ABOUT THIS TASK — Take the line with "G u p)) = (u, p))" and all lines after it, through the end of the records below, and repeat them exactly.

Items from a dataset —
(* Let $\epsilon<1$ be a constant. For any instance oracle $f$ with $\max\{|f(G,v)|: G \text{ an } n\text{-node graph}, v\in G\}=o(n\log n)$ and any deterministic exploration algorithm $A$, for infinitely many $n$ there exist an $n$-node hamiltonian graph $G$ and a starting node $v$ such that the agent executing $A$ with input $f(G,v)$ from $v$ makes at least $n+n^{\epsilon}$ edge traversals before it has visited all nodes and stopped (or fails to explore $G$).
   Context: Model: a graph is a simple connected undirected graph with $n$ nodes. Nodes are unlabeled; at each node of degree $d$ the incident edges carry distinct port numbers $0,\dots,d-1$, arbitrarily assigned. A mobile agent starts at some node. At each step, located at a node $u$ whose degree it knows, it chooses a port at $u$ and traverses the corresponding edge to a neighbor $w$; upon arrival it learns the port number of this edge at $w$ and the degree of $w$. The agent must visit all nodes and stop; the time of exploration is the number of edge traversals. A deterministic exploration algorithm receives as input a binary string (advice); its size is its length. An instance oracle is a function assigning a binary string $f(G,v)$ to each pair $(G,v)$ where $G$ is a port-numbered graph and $v$ is the starting node of the agent. A graph is hamiltonian if it has a cycle through all its nodes. Logarithms are to base 2. *)

theory Defs
  imports Complex_Main "HOL-Library.Landau_Symbols"
begin

text \<open>Port-numbered graph with nodes 0..<nv. port G u p = (w, q): the edge at port p of u
  leads to w and has port number q at w. Values outside the valid range are normalised.\<close>
record pgraph =
  nv   :: nat
  deg  :: "nat \<Rightarrow> nat"
  port :: "nat \<Rightarrow> nat \<Rightarrow> nat \<times> nat"

definition adj :: "pgraph \<Rightarrow> (nat \<times> nat) set" where
  "adj G = {(u, w). u < nv G \<and> (\<exists>p < deg G u. fst (port G u p) = w)}"

definition pg_wf :: "pgraph \<Rightarrow> bool" where
  "pg_wf G \<longleftrightarrow>
     0 < nv G
   \<and> (\<forall>u. nv G \<le> u \<longrightarrow> deg G u = 0)
   \<and> (\<forall>u p. \<not> (u < nv G \<and> p < deg G u) \<longrightarrow> port G u p = (0, 0))
   \<and> (\<forall>u < nv G. \<forall>p < deg G u.
          fst (port G u p) < nv G \<and> fst (port G u p) \<noteq> u
        \<and> snd (port G u p) < deg G (fst (port G u p))
        \<and> port G (fst (port G u p)) (snd (port G u p)) = (u, p))
   \<and> (\<forall>u < nv G. inj_on (\<lambda>p. fst (port G u p)) {..<deg G u})
   \<and> (\<forall>u < nv G. \<forall>w < nv G. (u, w) \<in> (adj G)\<^sup>*)"

definition hamiltonian :: "pgraph \<Rightarrow> bool" where
  "hamiltonian G \<longleftrightarrow> (\<exists>xs. distinct xs \<and> set xs = {..<nv G} \<and> 3 \<le> length xs
      \<and> (\<forall>i < length xs. (xs ! i, xs ! ((i + 1) mod length xs)) \<in> adj G))"

text \<open>Agent history: list of (port taken, port at arrival node, degree of arrival node).\<close>
type_synonym hist = "(nat \<times> nat \<times> nat) list"

text \<open>Deterministic exploration algorithm: given the advice, the degree of the start node
  and the history so far, either stops (None) or chooses a port (Some p).\<close>
type_synonym alg = "bool list \<Rightarrow> nat \<Rightarrow> hist \<Rightarrow> nat option"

SOLUTION —
        \<and> port G (fst (port G u p)) (snd (port G u p)) = (u, p))
   \<and> (\<forall>u < nv G. inj_on (\<lambda>p. fst (port G u p)) {..<deg G u})
   \<and> (\<forall>u < nv G. \<forall>w < nv G. (u, w) \<in> (adj G)\<^sup>*)"

definition hamiltonian :: "pgraph \<Rightarrow> bool" where
  "hamiltonian G \<longleftrightarrow> (\<exists>xs. distinct xs \<and> set xs = {..<nv G} \<and> 3 \<le> length xs
      \<and> (\<forall>i < length xs. (xs ! i, xs ! ((i + 1) mod length xs)) \<in> adj G))"

text \<open>Agent history: list of (port taken, port at arrival node, degree of arrival node).\<close>
type_synonym hist = "(nat \<times> nat \<times> nat) list"

text \<open>Deterministic exploration algorithm: given the advice, the degree of the start node
  and the history so far, either stops (None) or chooses a port (Some p).\<close>
type_synonym alg = "bool list \<Rightarrow> nat \<Rightarrow> hist \<Rightarrow> nat option"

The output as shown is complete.